Since I joined EDB, I figured it was time to learn how to install Postgres. I techinically did it when I installed Discourse. And at some point I seem to have typed brew intstall postgres on my MacBook. But I'm talking installing it the hard way. I'm talking installing from the source code. Yeah!

I've always found that the only way to learn new technology is to have a reason to use it. Work-related requirements suffice, but it's even better to have a hobby-related reason. For example, creating a baseball database. If you want to do research on baseball history, a great place to start is Project Retrosheet which has detailed play-by-play files going back to 1916. So if you load this data into a database, you can do all sorts of queries to find out how often (or even whether) certain events have happened. For instance, has anyone ever hit two grand slams in an inning?1

Prerequisites

The instructions for installing Postgres and for setting up a Retrosheet database are incomplete for a very simple reason: prerequisites. People who have correctly set up their environment already have everything they needed. People who are getting started don't know what they are missing. Critically, it takes a lot of effort to figure out which of the many possible prerequisites are actually required. So what's needed is either someone to start from scratch and document everything they needed to install.

I got a PC for my new job and this is the first time in nearly a decade that I've used Windows in earnest. So I have some adjustments to make. I started documenting them over here, but I have a feeling this list will grow over time.2

One of the reasons I'm documenting these steps is that I'm going back and testing the installation process using a pristine Windows virtual machine. That way I can test what things are really needed and what is optional or unnecessary. Or, at least I could in theory and maybe will in practice.

Getting Retrosheet data

Retrosheet's data has an idiosyncratic format, so it helps to have software to parse it. So the next step is to download the command-line tools maintained by the Chadwick Baseball Bureau. Then I move them to C:\Users\[username]\bin and add that to my PATH environment variable. That way I can use those executables without specifying the full path. More importantly, so can R scripts.

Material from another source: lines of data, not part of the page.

lemma max_density_mult_cdf_quotient:
  assumes "x \<le> t"
  shows "ennreal (max_density n t) * ennreal (cdf law x ^ n / max_density n t) = ennreal (cdf law x ^ n)"
proof (cases "max_density n t = 0")
  case True
  have "cdf law x ^ n \<le> cdf law t ^ n"
    using assms by (intro power_mono law.cdf_nondecreasing law.cdf_nonneg)
  then have zero: "cdf law x ^ n = 0"
    using cdf_power_le_max_density[of t n] True zero_le_power[OF law.cdf_nonneg, of x n] by linarith
  show ?thesis unfolding zero by simp
next
  case False
  then show ?thesis
    by (simp add: law.cdf_nonneg max_density_nonneg flip: ennreal_mult)
qed

text \<open>Y_(k+1) \<in> B happens either with X_(k+1) \<in> B and Y_k \<le> X_(k+1), or with
  Y_k \<in> B and X_(k+1) < Y_k.\<close>
lemma emeasure_distr_run_max_Suc:
  assumes k: "1 \<le> k" and [measurable]: "B \<in> sets borel"
  shows "emeasure (distr M borel (Y (Suc k))) B
    = (\<integral>\<^sup>+w. ennreal (cdf law w ^ k) * indicator B w \<partial>law)
      + (\<integral>\<^sup>+z. indicator B z * ennreal (measure law {..<z}) \<partial>distr M borel (Y k))"
proof -
  let ?Z = "Y k" and ?W = "X (Suc k)"
  have indep_ZW: "indep_var borel ?Z borel ?W" by (rule indep_run_max_X[OF k])
  have law_W: "distr M borel ?W = law" by (rule distr_X_eq_law) simp
  define f1 where "f1 = (\<lambda>p::real \<times> real. indicator B (snd p) * indicator {(z, w). z \<le> w} p :: ennreal)"
  define f2 where "f2 = (\<lambda>p::real \<times> real. indicator B (fst p) * indicator {(z, w). w < z} p :: ennreal)"
  have [measurable]: "f1 \<in> borel_measurable (borel \<Otimes>\<^sub>M borel)" "f2 \<in> borel_measurable (borel \<Otimes>\<^sub>M borel)"
    unfolding f1_def f2_def by measurable
  have "emeasure (distr M borel (Y (Suc k))) B = (\<integral>\<^sup>+\<omega>. indicator B (Y (Suc k) \<omega>) \<partial>M)"
    using nn_integral_distr[of "Y (Suc k)" M borel "indicator B"] by simp
  also have "\<dots> = (\<integral>\<^sup>+\<omega>. f1 (?Z \<omega>, ?W \<omega>) \<partial>M) + (\<integral>\<^sup>+\<omega>. f2 (?Z \<omega>, ?W \<omega>) \<partial>M)"
    by (subst nn_integral_add[symmetric])
      (auto intro!: nn_integral_cong simp: run_max_Suc[OF k] f1_def f2_def indicator_def max_def)
  also have "(\<integral>\<^sup>+\<omega>. f1 (?Z \<omega>, ?W \<omega>) \<partial>M) = (\<integral>\<^sup>+w. \<integral>\<^sup>+z. f1 (z, w) \<partial>distr M borel ?Z \<partial>law)"
    using nn_integral_indep_var(2)[OF indep_ZW, of f1] law_W by simp
  also have "\<dots> = (\<integral>\<^sup>+w. ennreal (cdf law w ^ k) * indicator B w \<partial>law)"
  proof (intro nn_integral_cong)
    fix w
    have "(\<integral>\<^sup>+z. f1 (z, w) \<partial>distr M borel ?Z) = (\<integral>\<^sup>+z. indicator B w * indicator {..w} z \<partial>distr M borel ?Z)"
      by (intro nn_integral_cong) (auto simp: f1_def indicator_def)
    then show "(\<integral>\<^sup>+z. f1 (z, w) \<partial>distr M borel ?Z) = ennreal (cdf law w ^ k) * indicator B w"
      using k by (simp add: nn_integral_cmult emeasure_distr_run_max_atMost mult.commute)
  qed
  also have "(\<integral>\<^sup>+\<omega>. f2 (?Z \<omega>, ?W \<omega>) \<partial>M) = (\<integral>\<^sup>+z. \<integral>\<^sup>+w. f2 (z, w) \<partial>law \<partial>distr M borel ?Z)"
    using nn_integral_indep_var(1)[OF indep_ZW, of f2] law_W by simp
  also have "\<dots> = (\<integral>\<^sup>+z. indicator B z * ennreal (measure law {..<z}) \<partial>distr M borel ?Z)"
  proof (intro nn_integral_cong)
    fix z
    have "(\<integral>\<^sup>+w. f2 (z, w) \<partial>law) = (\<integral>\<^sup>+w. indicator B z * indicator {..<z} w \<partial>law)"
      by (intro nn_integral_cong) (auto simp: f2_def indicator_def)
    then show "(\<integral>\<^sup>+w. f2 (z, w) \<partial>law) = indicator B z * ennreal (measure law {..<z})"
      by (simp add: nn_integral_cmult law.emeasure_eq_measure)
  qed
  finally show ?thesis .
qed

lemma distr_run_max_Suc: "distr M borel (Y (Suc n)) = density law (max_density n)"
proof (induction n)
  case 0
  have "Y (Suc 0) = X 1" by (auto simp: run_max_def)
  then show ?case by (simp add: max_density_def law_def density_1)
next
  case (Suc n)
  show ?case
  proof (rule measure_eqI)
    fix B assume "B \<in> sets (distr M borel (Y (Suc (Suc n))))"
    then have B[measurable]: "B \<in> sets borel" by simp
    have "emeasure (distr M borel (Y (Suc (Suc n)))) B
      = (\<integral>\<^sup>+w. ennreal (cdf law w ^ Suc n) * indicator B w \<partial>law)
        + (\<integral>\<^sup>+z. ennreal (max_density n z) * (indicator B z * ennreal (measure law {..<z})) \<partial>law)"
      using emeasure_distr_run_max_Suc[of "Suc n" B] by (simp add: Suc.IH nn_integral_density)
    also have "\<dots> = (\<integral>\<^sup>+w. ennreal (max_density (Suc n) w) * indicator B w \<partial>law)"
      by (subst nn_integral_add[symmetric])
        (auto intro!: nn_integral_cong simp: max_density_Suc indicator_def ennreal_mult'[symmetric]
          ennreal_plus[symmetric] max_density_nonneg law.cdf_nonneg mult.commute simp del: ennreal_plus)
    finally show "emeasure (distr M borel (Y (Suc (Suc n)))) B = emeasure (density law (max_density (Suc n))) B"
      by (simp add: emeasure_density)
  qed simp
qed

Since the instructions I'm following use R, the next step is to download a recent version of R. While not strictly necessary, I also grabbed RStudio, which is a fantastic IDE that uses R Markdown. It's a form of literate programming that allows both a data-centric article and the script that generated the data to live in the same document.3

Next you gotta install a bunch of R libraries the script need. Start with devtools and then run the following commands from the RStudio console window:

install.packages("devtools")
install.packages('h2o')
install.packages('emayili')
install_github("BillPetti/bpettir")
install.packages("purrr")

I made a few tweaks to the script Bill Petti uses to parse and load Retrosheet data. One problem is that several packages must be loaded first:

require(bpettir)
require(future)
require(furrr)
require(purrr)

This can go at the top of the script where the other require statements live for simplicity. I also changed "~/Desktop/retrosheet" to "~/retrosheet" and added setwd commands to make sure the script is in the right directory for each input file it needs. For some reason, RStudio actually puts its output in ~/Documents/retrosheet. I think it uses a sandbox for R that has ~/Documents for a home directory.

Installing Postgres from source

I checked all the steps right up to populating Postgres database tables. While its certainly possible to use R to analyze the data, my goal was to have a reason to install Postgres. Somewhat annoyingly for the purposes of this post, the short version worked almost perfectly using WSL 2.

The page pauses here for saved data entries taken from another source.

section \<open>Generating functions\<close>

lemma genf_eq_catalan_words_fps: "genf k = catalan_words_fps k"
  by (simp add: genf_def catalan_words_fps_def card_Sav_eq_card_catalan_words)

lemma genf_Suc: "genf (Suc k) = inverse (1 - fps_X * genf k)"
  by (simp add: genf_eq_catalan_words_fps catalan_words_fps_Suc_inverse)

lemma fps_inverse_one_minus_X_mult_fraction:
  fixes a b :: "'a :: field fps"
  assumes "fps_nth b 0 \<noteq> 0"
  shows "inverse (1 - fps_X * (a * inverse b)) = b * inverse (b - fps_X * a)"
proof -
  have "(b - fps_X * a) * inverse b = b * inverse b - fps_X * (a * inverse b)"
    by (simp add: algebra_simps)
  also have "\<dots> = 1 - fps_X * (a * inverse b)"
    using inverse_mult_eq_1'[OF assms] by simp
  finally have "1 - fps_X * (a * inverse b) = (b - fps_X * a) * inverse b" ..
  then show ?thesis
    using assms by (simp add: fps_inverse_mult fps_inverse_idempotent)
qed

lemma genf_0: "genf 0 = 1"
  by (simp add: genf_eq_catalan_words_fps catalan_words_fps_0)

lemma genf_2: "genf 2 = (1 - fps_X) * inverse (1 - 2 * fps_X)"
proof -
  have "genf 2 = inverse (1 - fps_X * (1 * inverse (1 - fps_X)))"
    using genf_Suc[of 1] genf_Suc[of 0] genf_0 by (simp add: numeral_2_eq_2)
  also have "\<dots> = (1 - fps_X) * inverse (1 - fps_X - fps_X * 1)"
    by (rule fps_inverse_one_minus_X_mult_fraction) simp
  finally show ?thesis
    by (simp add: algebra_simps mult_2)
qed

lemma genf_3: "genf 3 = (1 - 2 * fps_X) * inverse (1 - 3 * fps_X + fps_X ^ 2)"
proof -
  have "genf 3 = inverse (1 - fps_X * ((1 - fps_X) * inverse (1 - 2 * fps_X)))"
    using genf_Suc[of 2] genf_2 by (simp add: numeral_3_eq_3 numeral_2_eq_2)
  also have "\<dots> = (1 - 2 * fps_X) * inverse (1 - 2 * fps_X - fps_X * (1 - fps_X))"
    by (rule fps_inverse_one_minus_X_mult_fraction) (simp add: fps_numeral_fps_const)
  finally show ?thesis
    by (simp add: algebra_simps power2_eq_square)
qed

lemma card_Sav_3_recurrence:
  "card (Sav 3 (n + 2)) + card (Sav 3 n) = 3 * card (Sav 3 (n + 1))"
proof -
  let ?Q = "1 - 3 * fps_X + fps_X ^ 2 :: rat fps"
  have "genf 3 * ?Q = (1 - 2 * fps_X) * (?Q * inverse ?Q)"
    by (simp add: genf_3 algebra_simps)
  also have "\<dots> = 1 - 2 * fps_X"
    by (subst inverse_mult_eq_1') (simp_all add: fps_numeral_fps_const)
  finally have "fps_nth (genf 3 * ?Q) (n + 2) = 0"
    by (simp add: fps_numeral_fps_const)
  moreover have "genf 3 * ?Q = genf 3 - fps_const 3 * (fps_X * genf 3) + fps_X ^ 2 * genf 3"
    by (simp add: algebra_simps fps_numeral_fps_const)
  ultimately have "(of_nat (card (Sav 3 (n + 2))) :: rat) - 3 * of_nat (card (Sav 3 (n + 1)))
      + of_nat (card (Sav 3 n)) = 0"
    by (simp add: fps_X_power_mult_nth genf_def)
  then have "(of_nat (card (Sav 3 (n + 2)) + card (Sav 3 n)) :: rat)
      = of_nat (3 * card (Sav 3 (n + 1)))"
    by simp
  then show ?thesis
    by (simp only: of_nat_eq_iff)
qed

lemma card_Sav_3_eq_Fbar: "card (Sav 3 n) = Fbar n"
proof -
  have one: "card (catalan_words 3 (Suc 0)) = 1"
    unfolding numeral_3_eq_3 card_catalan_words_Suc_Suc by simp
  show ?thesis
  proof (induction n rule: Fbar.induct)
    case 3
    show ?case
      using card_Sav_3_recurrence[of 0] by (simp add: card_Sav_eq_card_catalan_words one)
  next
    case (4 n)
    then show ?case
      using card_Sav_3_recurrence[of "Suc n"] by simp
  qed (simp_all add: card_Sav_eq_card_catalan_words one)
qed

theorem mainTheorem3:
  shows "genf 2 = (1 - fps_X) * inverse (1 - 2 * fps_X)
    \<and> (\<forall>k\<ge>3. genf k = inverse (1 - fps_X * genf (k - 1)))
    \<and> genf 3 = (1 - 2 * fps_X) * inverse (1 - 3 * fps_X + fps_X ^ 2)
    \<and> (\<forall>n. card (Sav 3 n) = Fbar n)"
proof (intro conjI allI impI)
  fix k :: nat
  assume "3 \<le> k"
  then show "genf k = inverse (1 - fps_X * genf (k - 1))"
    using genf_Suc[of "k - 1"] by simp
qed (simp_all add: genf_2 genf_3 card_Sav_3_eq_Fbar)

end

The only problem I had was that I don't know the password for the Administrator account so I couldn't use su. Thankfully, I found that I could use sudo su instead. That confused me until I read some answers on Ask Ubuntu. Turns out su asks for the password of the account you want to switch to and sudo asks for the password of the current account.

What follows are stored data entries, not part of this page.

lemma lift_letter_split:
  assumes "fst l \<in> T"
  obtains u1 u2 where "lift_letter l = u1 @ u2" "K_word u1" "K_word u2"
    "eval_word G u1 \<otimes> eval_word G u2 = letter_val G l"
proof -
  have "letter_val G l \<in> T"
    using assms T_inv_closed by (simp add: letter_val_in_inv_closed)
  then obtain k1 k2 where "k1 \<in> K" "k2 \<in> K" "letter_val G l = k1 \<otimes> k2"
    by (auto simp: T_def set_mult_def)
  then have "\<exists>u u1 u2. u = u1 @ u2 \<and> K_word u1 \<and> K_word u2 \<and>
      eval_word G u1 \<otimes> eval_word G u2 = letter_val G l"
    using K_word_exists by metis
  from someI_ex[OF this] show ?thesis
    using that unfolding lift_letter_def by blast
qed

lemma lift_letter:
  assumes "fst l \<in> T"
  shows "lift_letter l \<in> words_over S" "eval_word G (lift_letter l) = letter_val G l"
proof -
  obtain u1 u2 where "lift_letter l = u1 @ u2" "K_word u1" "K_word u2"
    "eval_word G u1 \<otimes> eval_word G u2 = letter_val G l"
    using lift_letter_split[OF assms] .
  then show "lift_letter l \<in> words_over S" "eval_word G (lift_letter l) = letter_val G l"
    by (auto simp: K_word_def eval_word_append words_S_carrier)
qed

lemma schreier_rewrite_lift_letter:
  assumes g: "g \<in> H" and l: "fst l \<in> T"
  shows "equiv_T (schreier_rewrite g (lift_letter l)) [l]"
proof -
  obtain u1 u2 where split: "lift_letter l = u1 @ u2" and u: "K_word u1" "K_word u2"
    and eval_l: "eval_word G u1 \<otimes> eval_word G u2 = letter_val G l"
    using lift_letter_split[OF l] .
  have e_K: "eval_word G u1 \<in> K" "eval_word G u2 \<in> K"
    using u eval_K_word by auto
  define g1 where "g1 = g \<otimes> eval_word G u1"
  have g1: "g1 \<in> H" "g1 \<otimes> eval_word G u2 \<in> H"
    using g e_K K_subset_H by (auto simp: g1_def intro!: H_m_closed)
  have "schreier_rewrite g (lift_letter l) = schreier_rewrite g u1 @ schreier_rewrite g1 u2"
    using g u by (simp add: split g1_def schreier_rewrite_append K_word_def)
  moreover have "equiv_T (schreier_rewrite g u1 @ schreier_rewrite g1 u2)
      ([(eval_word G u1, False)] @ [(eval_word G u2, False)])"
    using g g1 u by (intro pres_equiv_append schreier_rewrite_K_word) (auto simp: g1_def)
  moreover have "equiv_T [(eval_word G u1, False), (eval_word G u2, False)] [l]"
    using e_K l eval_l K_subset_T by (intro equiv_T_product) auto
  ultimately show ?thesis by (auto intro: pres_equiv_trans)
qed

definition lift_word :: "('a \<times> bool) list \<Rightarrow> ('a \<times> bool) list" where
  "lift_word w = concat (map lift_letter w)"

lemma lift_word:
  assumes "w \<in> words_over T"
  shows "lift_word w \<in> words_over S" "eval_word G (lift_word w) = eval_word G w"
  using assms
  by (induction w) (auto simp: lift_word_def lift_letter eval_word_append words_S_carrier)

lemma schreier_rewrite_lift_word:
  "w \<in> words_over T \<Longrightarrow> g \<in> H \<Longrightarrow> equiv_T (schreier_rewrite g (lift_word w)) w"
proof (induction w arbitrary: g)
  case Nil
  then show ?case by (simp add: lift_word_def)
next
  case (Cons l w)
  then have l: "fst l \<in> T" "w \<in> words_over T" and g: "g \<in> H" by auto
  have gl: "g \<otimes> letter_val G l \<in> H"
    using g l T_inv_closed T_subset_H H_m_closed letter_val_in_inv_closed by blast
  have "schreier_rewrite g (lift_word (l # w)) =
      schreier_rewrite g (lift_letter l) @ schreier_rewrite (g \<otimes> letter_val G l) (lift_word w)"
    using g l by (simp add: lift_word_def schreier_rewrite_append lift_letter)
  moreover have "equiv_T (schreier_rewrite g (lift_letter l) @
      schreier_rewrite (g \<otimes> letter_val G l) (lift_word w)) ([l] @ w)"
    using g l gl Cons.IH by (intro pres_equiv_append schreier_rewrite_lift_letter) auto
  ultimately show ?case by simp
qed

end

locale schreier_presentation = schreier_transversal +
  fixes R :: "('a \<times> bool) list set"
  assumes presentation: "is_presentation G S R"
    and relator_length: "r \<in> R \<Longrightarrow> length r = 3"
begin

lemma schreier_rewrite_trivial:
  assumes "g \<in> carrier G" "z \<in> words_over S" "eval_word G z = \<one>" "length z = 2 \<or> length z = 3"
  shows "equiv_T (schreier_rewrite g z) []"
proof -
  have z: "schreier_rewrite g z \<in> words_over T" "eval_word G (schreier_rewrite g z) = \<one>"
    using assms by (simp_all add: schreier_rewrite_in_words_T eval_schreier_rewrite)
  from assms(4) show ?thesis
  proof
    assume "length z = 2"
    then show ?thesis
      using z T_carrier one_T by (intro triangle_relators_length_two) auto
  next
    assume "length z = 3"
    then show ?thesis
      using z by (intro pres_equiv_relator) (simp add: triangle_relators_def)
  qed
qed

lemma schreier_rewrite_delete:
  assumes g: "g \<in> carrier G" and words: "u \<in> words_over S" "z \<in> words_over S" "v \<in> words_over S"
    and "eval_word G z = \<one>" "length z = 2 \<or> length z = 3"
  shows "equiv_T (schreier_rewrite g (u @ z @ v)) (schreier_rewrite g (u @ v))"
proof -
  let ?g = "g \<otimes> eval_word G u"
  have "?g \<in> carrier G" using g words words_S_carrier by simp
  moreover have "schreier_rewrite g (u @ z @ v) =
      schreier_rewrite g u @ schreier_rewrite ?g z @ schreier_rewrite ?g v"
    using assms calculation by (simp add: schreier_rewrite_append)
  moreover have "schreier_rewrite g (u @ v) = schreier_rewrite g u @ [] @ schreier_rewrite ?g v"
    using assms by (simp add: schreier_rewrite_append)
  ultimately show ?thesis
    using assms by (simp only:) (intro pres_equiv_append pres_equiv_refl schreier_rewrite_trivial)
qed

lemma schreier_rewrite_pres_step:
  assumes "pres_step R x y" and g: "g \<in> carrier G"
  shows "equiv_T (schreier_rewrite g (filter (\<lambda>l. fst l \<in> S) x))
    (schreier_rewrite g (filter (\<lambda>l. fst l \<in> S) y))"
  using assms(1)
proof (cases rule: pres_stepE)
  case (cancel u v a b)
  let ?f = "filter (\<lambda>l. fst l \<in> S)"
  show ?thesis
  proof (cases "a \<in> S")
    case True
    have "equiv_T (schreier_rewrite g (?f u @ [(a, b), (a, \<not> b)] @ ?f v))
        (schreier_rewrite g (?f u @ ?f v))"
      using True g letter_val_cancel by (intro schreier_rewrite_delete) auto
    then show ?thesis using cancel True by simp
  qed (use cancel in simp)
next
  case (relator u v r)
  let ?f = "filter (\<lambda>l. fst l \<in> S)"
  have r: "r \<in> words_over S" "eval_word G r = \<one>" "length r = 3"
    using relator presentation presentation_relator_eval relator_length
    by (auto simp: is_presentation_def)
  then have "equiv_T (schreier_rewrite g (?f u @ r @ ?f v)) (schreier_rewrite g (?f u @ ?f v))"
    using g by (intro schreier_rewrite_delete) auto
  then show ?thesis using relator filter_words_over_id[OF r(1)] by simp
qed

lemma schreier_rewrite_pres_equiv:
  assumes "pres_equiv R x y" "g \<in> carrier G"
  shows "equiv_T (schreier_rewrite g (filter (\<lambda>l. fst l \<in> S) x))
    (schreier_rewrite g (filter (\<lambda>l. fst l \<in> S) y))"
  using equivp_pres_equiv _ assms(1)
  by (rule pres_equiv_map) (rule schreier_rewrite_pres_step[OF _ assms(2)])

lemma T_presentation_complete:
  assumes w: "w \<in> words_over T" "w' \<in> words_over T" and "eval_word G w = eval_word G w'"
  shows "equiv_T w w'"
proof -
  have lift: "lift_word w \<in> words_over S" "lift_word w' \<in> words_over S"
    "eval_word G (lift_word w) = eval_word G (lift_word w')"
    using lift_word w assms(3) by auto
  then have "pres_equiv R (lift_word w) (lift_word w')"
    using presentation unfolding is_presentation_def by blast
  then have "equiv_T (schreier_rewrite \<one> (filter (\<lambda>l. fst l \<in> S) (lift_word w)))
      (schreier_rewrite \<one> (filter (\<lambda>l. fst l \<in> S) (lift_word w')))"
    by (rule schreier_rewrite_pres_equiv) simp
  then have "equiv_T (schreier_rewrite \<one> (lift_word w)) (schreier_rewrite \<one> (lift_word w'))"
    by (simp add: filter_words_over_id lift)
  moreover have "equiv_T (schreier_rewrite \<one> (lift_word w)) w"
    "equiv_T (schreier_rewrite \<one> (lift_word w')) w'"
    using schreier_rewrite_lift_word H_one w by auto
  ultimately show ?thesis
    by (meson pres_equiv_sym pres_equiv_trans)
qed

Installing prerequisites from the command line

Since I wanted to install Postgres the hard way I decided to try installing it on Windows using the Microsoft toolchain. Since I'm not a big fan of GUI installers, I was pleased to find I could use Chocolatey to install the prerequisites.4 After installing Chocolatey, open a PowerShell window (as an administrator) and run the following command:

choco install ActivePerl git openssl winflexbison python archiver -y 

That should install all of the third-party tools you'll need to build Postgres. You might need to add C:\Perl64\bin to your PATH and run refreshenv. Then install the Visual Studio tools you'll need to build:

choco install visualstudio2019community windows-sdk-10.1 -y

(The -y is optional and simply avoids prompting for confirmation by automatically saying "yes" to any questions the installer might ask. You normally want to just say yes.)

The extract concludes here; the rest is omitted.